Introduction

Previously, I summarized the hard margin SVM in "SVM implementation with python". Last time, we optimized by adding a constraint condition to the fine term, but this time we optimized it using a method called the active set method. I used ["Support Vector Machine"](https://www.amazon.co.jp/Support Vector Machine-Machine Learning Professional Series-Ichiro Takeuchi / dp / 4061529064) as a textbook.

Structure of this article

Introduction
Soft margin SVM
Main problem
Dual problem
Active set method
Implementation in python
Result
in conclusion

Soft margin SVM

Please refer to "Implementing SVM with python" for the introduction of SVM. Explains margin maximization, Lagrange undetermined multiplier method, and KKT conditions.

Main problem

In the soft margin SVM, the non-negative variables $ \ xi_i \ geq 0, i \ in [n] $ are introduced, and the constraints are defined as follows.

y_i(\boldsymbol w^T \boldsymbol x_i + b) \geq 1 - \xi_i, \ \ i \in [n]

$ \ Xi_ {i} $ makes the margin smaller than $ 1 $, allowing $ \ boldsymbol x_i $ to cross the margin and enter different classes. If a misclassification occurs, $ \ xi_ {i}> 1 $, so if $ \ sum_ {i \ in [n]} \ xi_ {i} $ is less than or equal to an integer $ K $, the misclassification will occur. The number is also less than $ K $. From this, it can be seen that misclassification can be suppressed by making $ \ sum_ {i \ in [n]} \ xi_ {i} $ as small as possible. Based on the above, the main problem of soft margin SVM is defined as follows.

\begin{align}
& \min_{\boldsymbol w, b, \boldsymbol \xi} \frac{1}{2}\|\boldsymbol w\|^2 + C\sum_{i \in [n]} \xi_{i} \\
& \\
& s.t. \ \ y_i(\boldsymbol w^T \boldsymbol x_i + b) \geq 1 - \xi_i, \ \ i \in [n] \\
& \\
& \ \ \ \ \ \ \ \ \xi_{i} \geq 0, \ \ i \in [n]
\end{align}

The coefficient $ C $ is a positive constant called the regularization coefficient.
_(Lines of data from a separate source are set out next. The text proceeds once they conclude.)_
(* Let $\Sigma$ be a finite simplicial complex, let $d\ge0$, and assume $\deg\tau>0$ for all $\tau\in\Sigma_d$. Then $d+2$ is an eigenvalue of the normalized up-Laplacian $\Delta^{up}_d$ if and only if the signed graph $(\Gamma_d,\tilde s)$ has an antibalanced connected component. Moreover, the multiplicity of the eigenvalue $d+2$ equals the number of antibalanced connected components of $(\Gamma_d,\tilde s)$.
   Context: $\Sigma_d$ consists of the $d$-simplices of $\Sigma$ with fixed orientations. $\mathrm{sgn}([\tau],\partial[\sigma])\in\{\pm1\}$ is the coefficient of $[\tau]$ in the simplicial boundary $\partial[\sigma]$ of the oriented $(d+1)$-simplex $\sigma\supset\tau$. $\deg\tau$ is the number of $(d+1)$-simplices containing $\tau$. $\Delta^{up}_d=D^{-1}B_{d+1}B_{d+1}^\top$, where $B_{d+1}$ is the signed $\Sigma_d\times\Sigma_{d+1}$ incidence matrix and $D=\mathrm{diag}(\deg\tau)$; all its eigenvalues lie in $[0,d+2]$. $\Gamma_d$ is the graph on $\Sigma_d$ in which distinct $\tau,\tau'$ are adjacent iff both are facets of some (necessarily unique) $\sigma\in\Sigma_{d+1}$. The sign is $\tilde s(\tau,\tau')=-\mathrm{sgn}([\tau],\partial[\sigma])\,\mathrm{sgn}([\tau'],\partial[\sigma])$. Switching at a vertex means multiplying the signs of all edges at that vertex by $-1$. A signed graph (or a connected component of one) is balanced if after some switchings all edge signs are $+1$, and antibalanced if after some switchings all edge signs are $-1$. *)

theory Defs
  imports "Jordan_Normal_Form.Char_Poly"
begin

definition simplicial_complex :: "'a set set \<Rightarrow> bool" where
  "simplicial_complex \<Sigma> \<longleftrightarrow> finite \<Sigma> \<and>
     (\<forall>\<sigma>\<in>\<Sigma>. finite \<sigma> \<and> \<sigma> \<noteq> {}) \<and>
     (\<forall>\<sigma>\<in>\<Sigma>. \<forall>\<tau>. \<tau> \<subseteq> \<sigma> \<and> \<tau> \<noteq> {} \<longrightarrow> \<tau> \<in> \<Sigma>)"

definition simplices :: "'a set set \<Rightarrow> nat \<Rightarrow> 'a set set" where
  "simplices \<Sigma> d = {\<sigma> \<in> \<Sigma>. card \<sigma> = d + 1}"

text \<open>An orientation assigns to each simplex a sign in {1,-1}: the oriented simplex
  [\<sigma>] is \<open>ori \<sigma>\<close> times the simplex oriented by increasing vertex order.\<close>
definition orientation :: "('a set \<Rightarrow> real) \<Rightarrow> bool" where
  "orientation ori \<longleftrightarrow> (\<forall>\<sigma>. ori \<sigma> = 1 \<or> ori \<sigma> = -1)"

text \<open>Coefficient of [\<tau>] in the simplicial boundary of [\<sigma>], for a facet \<tau> of \<sigma>;
  for [v_0,...,v_k] in increasing order, \<partial> = \<Sum> (-1)^i [.. without v_i ..].\<close>
definition bsgn :: "('a::linorder set \<Rightarrow> real) \<Rightarrow> 'a set \<Rightarrow> 'a set \<Rightarrow> real" where
  "bsgn ori \<tau> \<sigma> = ori \<sigma> * ori \<tau> *
     (-1) ^ card {u \<in> \<sigma>. u < (THE v. v \<in> \<sigma> \<and> \<tau> = \<sigma> - {v})}"

definition incidence :: "'a set set \<Rightarrow> nat \<Rightarrow> ('a::linorder set \<Rightarrow> real) \<Rightarrow> 'a set \<Rightarrow> 'a set \<Rightarrow> real" where
  "incidence \<Sigma> d ori \<tau> \<sigma> =
     (if \<tau> \<in> simplices \<Sigma> d \<and> \<sigma> \<in> simplices \<Sigma> (d+1) \<and> \<tau> \<subseteq> \<sigma> then bsgn ori \<tau> \<sigma> else 0)"

definition deg :: "'a set set \<Rightarrow> nat \<Rightarrow> 'a set \<Rightarrow> nat" where
  "deg \<Sigma> d \<tau> = card {\<sigma> \<in> simplices \<Sigma> (d+1). \<tau> \<subseteq> \<sigma>}"

text \<open>A fixed enumeration of \<Sigma>_d used to index matrices (the spectrum does not depend on it).\<close>
definition simplex_list :: "'a set set \<Rightarrow> nat \<Rightarrow> 'a set list" where
  "simplex_list \<Sigma> d = (SOME xs. distinct xs \<and> set xs = simplices \<Sigma> d)"

definition up_laplacian :: "'a set set \<Rightarrow> nat \<Rightarrow> ('a::linorder set \<Rightarrow> real) \<Rightarrow> real mat" where
  "up_laplacian \<Sigma> d ori =
     (let xs = simplex_list \<Sigma> d; n = length xs in
      mat n n (\<lambda>(i, j). (1 / real (deg \<Sigma> d (xs ! i))) *
        (\<Sum>\<sigma>\<in>simplices \<Sigma> (d+1). incidence \<Sigma> d ori (xs ! i) \<sigma> * incidence \<Sigma> d ori (xs ! j) \<sigma>)))"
The first term of the objective function has the meaning of maximizing the margin. The second term suppresses the degree of violation of the original constraint $ \ boldsymbol w ^ T \ boldsymbol x_i + b \ geq 1 $ so that $ \ xi_ {i} $ is as small as possible. The regularization coefficient $ C $ is a parameter for adjusting the degree of this suppression. Increasing $ C $ approaches the hard margin, and at $ C = \ infty $, if the element $ \ boldsymbol \ xi $ has a value, an infinite value is added to the objective function, so $ \ boldsymbol \ xi $ Is always $ \ boldsymbol 0 $. On the contrary, if $ C $ is made smaller, misclassification will be tolerated.

Duality problem

Now, let us consider the dual representation of the main problem. Lagrange undetermined multiplier $ \ alpha_i \ geq 0, \ \ i \ in [n] $ and $ \ mu_i \ geq 0, \ \ i \ in [n] $ are introduced. The Lagrange function is defined as follows.
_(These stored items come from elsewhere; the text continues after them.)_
lemma sum_shift_convolution_succ_b:
  assumes "same_component b c"
  shows "(\<Sum>k\<le>r. (-1)^k * shift_convolution \<tau> a b c 0 (k+1) p (r-k) t) =
         \<tau> t * shiftc a (-2) p (shiftc b 2 (r+1) \<tau>) t - shiftc b 2 (r+1) \<tau> t * shiftc a (-2) p \<tau> t"
proof -
  have "(\<Sum>k\<le>Suc r. (-1)^k * shift_convolution \<tau> a b c 0 k p (Suc r - k) t) =
        shift_convolution \<tau> a b c 0 0 p (Suc r) t - (\<Sum>k\<le>r. (-1)^k * shift_convolution \<tau> a b c 0 (k+1) p (r-k) t)"
    by (subst sum.atMost_Suc_shift) (simp add: sum_negf)
  then show ?thesis
    using sum_shift_convolution_same_b[OF assms, where r="Suc r" and e=0] by simp
qed

lemma shift_convolution_0_1:
  assumes "same_component a c"
  shows "shift_convolution \<tau> a b c 0 1 p r t =
         2 * \<tau> t * pd a 0 (shiftc a (-2) p (shiftc b 2 r \<tau>)) t - 2 * pd a 0 \<tau> t * shiftc a (-2) p (shiftc b 2 r \<tau>) t"
proof -
  have "shiftc a (-2) p (shiftc b 2 r (\<lambda>t. 2 * pd a 0 \<tau> t)) =
        (\<lambda>t. 2 * pd a 0 (shiftc a (-2) p (shiftc b 2 r \<tau>)) t)"
    by (simp add: shiftc_cmult smooth_shiftc smooth_pd smooth_tau_smooth[OF \<tau>]
                  pd_shiftc_commute[OF \<tau>] pds_span_shiftc[OF \<tau>] pds_span_self[OF \<tau>])
  then show ?thesis
    unfolding shift_convolution_def shiftc_same_component[OF assms, symmetric]
    by (simp add: shiftc_1[unfolded One_nat_def] algebra_simps)
qed

lemma dshift_hir_a:
  assumes "\<not> same_component b a"
  shows "dshift a b p r (hir \<tau> a (1 + r + p) t) t =
    2 * shiftc a (-2) p \<tau> t * pd a 0 (shiftc b 2 r \<tau>) t
    - 2 * (shiftc a (-2) (p+1) \<tau> t * shiftc b 2 r \<tau> t - \<tau> t * shiftc a (-2) (p+1) (shiftc b 2 r \<tau>) t)
    - (2 * pd a 0 \<tau> t * shiftc a (-2) p (shiftc b 2 r \<tau>) t - \<tau> t * pd a 0 (shiftc a (-2) p (shiftc b 2 r \<tau>)) t)"
proof -
  define Z where "Z e k q = shift_convolution \<tau> a b a e k q r t" for e k q
  have "hdiff_factor a b a p2 r2 = (if r2 = 0 then shift_coeff (-2) p2 else 0)" for p2 r2
    using assms by (simp add: hdiff_factor_def)
  then have "dshift a b p r (hir \<tau> a (1 + r + p) t) t =
     (\<Sum>r1\<le>r. if r1 = r then \<Sum>p1\<le>p. shift_coeff (-2) (p-p1) * (Z 1 (p-p1) p1 - Z 0 (p-p1+1) p1) else 0)"
    unfolding dshift_hir[OF smooth_tau_smooth[OF \<tau>]] Z_def
    by (intro sum.cong refl) (auto intro!: sum.neutral)
  also have "\<dots> = (\<Sum>p1\<le>p. shift_coeff (-2) (p-p1) * (Z 1 (p-p1) p1 - Z 0 (p-p1+1) p1))"
    by simp
  also have "\<dots> = (\<Sum>k\<le>p. shift_coeff (-2) k * (Z 1 k (p-k) - Z 0 (k+1) (p-k)))"
    by (rule sum_atMost_convolution_rev[where f="\<lambda>x y. shift_coeff (-2) x * (Z 1 x y - Z 0 (x+1) y)"])
  also have "\<dots> = 2 * ((\<Sum>k\<le>p. Z 1 k (p-k)) - (\<Sum>k\<le>p. Z 0 (k+1) (p-k))) - (Z 1 0 p - Z 0 1 p)"
    unfolding sum_shift_coeff_minus_2 by (simp add: sum_subtractf)
  finally show ?thesis
    unfolding Z_def sum_shift_convolution_same_a[OF same_component_refl]
      sum_shift_convolution_succ_a[OF same_component_refl] shift_convolution_0_1[OF same_component_refl]
    by (simp add: algebra_simps)
qed

lemma dshift_hir_b:
  assumes "\<not> same_component a b"
  shows "dshift a b p r (hir \<tau> b (1 + r + p) t) t =
    2 * shiftc b 2 r \<tau> t * pd a 0 (shiftc a (-2) p \<tau>) t - \<tau> t * pd a 0 (shiftc a (-2) p (shiftc b 2 r \<tau>)) t"
proof -
  define Z where "Z k q = shift_convolution \<tau> a b b 1 k p q t" for k q
  have "hdiff_factor a b b p2 r2 = (if p2 = 0 then shift_coeff 2 r2 else 0)" for p2 r2
    using assms by (simp add: hdiff_factor_def)
  then have "dshift a b p r (hir \<tau> b (1 + r + p) t) t =
             (\<Sum>r1\<le>r. \<Sum>p1\<le>p. if p1 = p then shift_coeff 2 (r-r1) * Z (r-r1) r1 else 0)"
    unfolding dshift_hir[OF smooth_tau_smooth[OF \<tau>]] Z_def
    using assms by (intro sum.cong refl) auto
  also have "\<dots> = (\<Sum>r1\<le>r. shift_coeff 2 (r-r1) * Z (r-r1) r1)"
    by simp
  also have "\<dots> = (\<Sum>k\<le>r. shift_coeff 2 k * Z k (r-k))"
    by (rule sum_atMost_convolution_rev[where f="\<lambda>x y. shift_coeff 2 x * Z x y"])
  finally show ?thesis
    unfolding sum_shift_coeff_2 Z_def sum_shift_convolution_same_b[OF same_component_refl]
    by (simp add: mult.assoc)
qed

end

lemma hirota_mixed:
  assumes "bkp2_tau \<tau>" "a \<in> {1,2}" "b \<in> {1,2}" "a \<noteq> b"
  shows "\<tau> t * shiftc a (-2) (p+1) (shiftc b 2 r \<tau>) t + \<tau> t * pd a 0 (shiftc a (-2) p (shiftc b 2 r \<tau>)) t
     - pd a 0 \<tau> t * shiftc a (-2) p (shiftc b 2 r \<tau>) t =
     shiftc b 2 r \<tau> t * pd a 0 (shiftc a (-2) p \<tau>) t - shiftc a (-2) p \<tau> t * pd a 0 (shiftc b 2 r \<tau>) t
     + shiftc a (-2) (p+1) \<tau> t * shiftc b 2 r \<tau> t"
proof -
  have \<tau>: "smooth_tau \<tau>" by (rule bkp2_tau_smooth_tau[OF assms(1)])
  have "\<not> same_component b a" "\<not> same_component a b"
    using assms(2-4) by (auto simp: same_component_def)
  with bkp2_dshift_sides[OF assms(1-3), of b p r t] show ?thesis
    unfolding dshift_hir_a[OF \<tau> \<open>\<not> same_component b a\<close>] dshift_hir_b[OF \<tau> \<open>\<not> same_component a b\<close>]
    by algebra
qed

lemma sum_if_zero_const: "(\<Sum>y\<in>B. if P then f y else 0) = (if P then \<Sum>y\<in>B. f y else 0)"
  by simp

lemma sum_atMost_rev_2d:
  "(\<Sum>i\<le>p. \<Sum>j\<le>r. F (p-i) (r-j) i j) = (\<Sum>i\<le>(p::nat). \<Sum>j\<le>(r::nat). F i j (p-i) (r-j))"
proof -
  have "(\<Sum>j\<le>r. F (p-i) (r-j) i j) = (\<Sum>j\<le>r. F (p-i) j i (r-j))" for i
    by (rule sum_atMost_convolution_rev[where f="\<lambda>x y. F (p-i) x i y"])
  then have "(\<Sum>i\<le>p. \<Sum>j\<le>r. F (p-i) (r-j) i j) = (\<Sum>i\<le>p. \<Sum>j\<le>r. F (p-i) j i (r-j))"
    by simp
  also have "\<dots> = (\<Sum>i\<le>p. \<Sum>j\<le>r. F i j (p-i) (r-j))"
    by (rule sum_atMost_convolution_rev[where f="\<lambda>x y. \<Sum>j\<le>r. F x j y (r-j)"])
  finally show ?thesis .
qed

definition hirota_sum :: "(nat \<Rightarrow> nat \<Rightarrow> nat \<Rightarrow> complex) \<Rightarrow> nat \<Rightarrow> nat \<Rightarrow> complex" where
  "hirota_sum W p r =
     (\<Sum>p2\<le>p. \<Sum>r2\<le>r. shift_coeff (-2) p2 * shift_coeff 2 r2 * W (p2+r2) (p-p2) (r-r2))"

definition alternating_sum :: "(nat \<Rightarrow> nat \<Rightarrow> nat \<Rightarrow> complex) \<Rightarrow> nat \<Rightarrow> nat \<Rightarrow> complex" where
  "alternating_sum W p r = (\<Sum>p2\<le>p. \<Sum>r2\<le>r. (-1)^r2 * W (p2+r2) (p-p2) (r-r2))"

definition row_sum :: "(nat \<Rightarrow> nat \<Rightarrow> nat \<Rightarrow> complex) \<Rightarrow> nat \<Rightarrow> nat \<Rightarrow> complex" where
  "row_sum W p r = (\<Sum>j\<le>p. W j (p-j) r)"

definition column_sum :: "(nat \<Rightarrow> nat \<Rightarrow> nat \<Rightarrow> complex) \<Rightarrow> nat \<Rightarrow> nat \<Rightarrow> complex" where
  "column_sum W p r = (\<Sum>j\<le>r. (-1)^j * W j p (r-j))"

lemma alternating_sum_step:
  "alternating_sum W p (Suc r) + alternating_sum W (Suc p) r = row_sum W p (Suc r) + column_sum W (Suc p) r"
proof -
  have "alternating_sum W p (Suc r) =
        row_sum W p (Suc r) + (\<Sum>p2\<le>p. \<Sum>r2\<le>r. - ((-1)^r2 * W (Suc (p2+r2)) (p-p2) (r-r2)))"
    unfolding alternating_sum_def row_sum_def
    by (simp del: sum.atMost_Suc add: sum.atMost_Suc_shift sum.distrib)
  moreover have "alternating_sum W (Suc p) r =
        column_sum W (Suc p) r + (\<Sum>p2\<le>p. \<Sum>r2\<le>r. (-1)^r2 * W (Suc (p2+r2)) (p-p2) (r-r2))"
    unfolding alternating_sum_def column_sum_def
    by (simp del: sum.atMost_Suc add: sum.atMost_Suc_shift)
  ultimately show ?thesis by (simp add: sum_negf)
qed

lemma hirota_sum_decomp:
  "hirota_sum W p r = 4 * alternating_sum W p r - 2 * row_sum W p r - 2 * column_sum W p r + W 0 p r"
proof -
  have coeff: "shift_coeff (-2) p2 * shift_coeff 2 r2 =
      4 * (-1)^r2 - 2 * (if r2 = 0 then 1 else 0) - 2 * (if p2 = 0 then (-1)^r2 else 0)
      + (if p2 = 0 \<and> r2 = 0 then 1 else 0)" for p2 r2
    by (auto simp: shift_coeff_minus_2 shift_coeff_2)
  have "hirota_sum W p r = (\<Sum>p2\<le>p. \<Sum>r2\<le>r. 4 * ((-1)^r2 * W (p2+r2) (p-p2) (r-r2))
          - (if r2 = 0 then 2 * W p2 (p-p2) r else 0)
          - (if p2 = 0 then 2 * ((-1)^r2 * W r2 p (r-r2)) else 0)
          + (if p2 = 0 then if r2 = 0 then W 0 p r else 0 else 0))"
    unfolding hirota_sum_def coeff by (intro sum.cong refl) (auto simp: algebra_simps)
  also have "\<dots> = 4 * alternating_sum W p r - 2 * row_sum W p r - 2 * column_sum W p r + W 0 p r"
    unfolding alternating_sum_def row_sum_def column_sum_def
    by (simp add: sum.distrib sum_subtractf sum_distrib_left sum_if_zero_const sum.delta')
  finally show ?thesis .
qed

text \<open>In the combination of \<open>(p, r + 1)\<close> and \<open>(p + 1, r)\<close>, and on the boundary, the alternating
  double sum drops out and the Hirota sum becomes computable.\<close>

lemma hirota_sum_step:
  "hirota_sum W p (Suc r) + hirota_sum W (Suc p) r =
     (2 * row_sum W p (Suc r) - 2 * column_sum W p (Suc r) + W 0 p (Suc r)) +
     (2 * column_sum W (Suc p) r - 2 * row_sum W (Suc p) r + W 0 (Suc p) r)"
  using alternating_sum_step[of W p r] unfolding hirota_sum_decomp by algebra

lemma hirota_sum_0_right: "hirota_sum W p 0 = 2 * row_sum W p 0 - 2 * column_sum W p 0 + W 0 p 0"
  unfolding hirota_sum_decomp by (simp add: alternating_sum_def row_sum_def column_sum_def)

lemma hirota_sum_0_left: "hirota_sum W 0 r = 2 * column_sum W 0 r - 2 * row_sum W 0 r + W 0 0 r"
  unfolding hirota_sum_decomp by (simp add: alternating_sum_def row_sum_def column_sum_def)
L(\boldsymbol w, b, \boldsymbol \xi, \boldsymbol \alpha, \boldsymbol \mu)
 = \frac{1}{2}\|\boldsymbol w\|^2 + C\sum_{i \in [n]} \xi_{i} - \sum_{i \in [n]} \alpha_i(y_i(\boldsymbol w^T \boldsymbol x_i + b) - 1 + \xi_i) - \sum_{i \in [n]} \mu_i \xi_i \tag{1}

The partial differential of $ L $ at $ \ boldsymbol w, b, \ boldsymbol \ xi $ is $ 0 $.

\begin{align}
& \frac{\partial L}{\partial \boldsymbol w} = \boldsymbol w - \sum_{i \in [n]}\alpha_{i}y_i{\boldsymbol{x}}_i = \boldsymbol 0 \tag{2} \\
& \\
& \frac{\partial L}{\partial b} = \sum_{i \in [n]}\alpha_{i}y_i = 0 \tag{3} \\
& \\
& \frac{\partial L}{\partial \xi_i} = C - \alpha_i - \mu_i = 0 \tag{4} \\
\end{align}

Substituting Eqs. (2), (3), and (4) into Eq. (1), the result is as follows.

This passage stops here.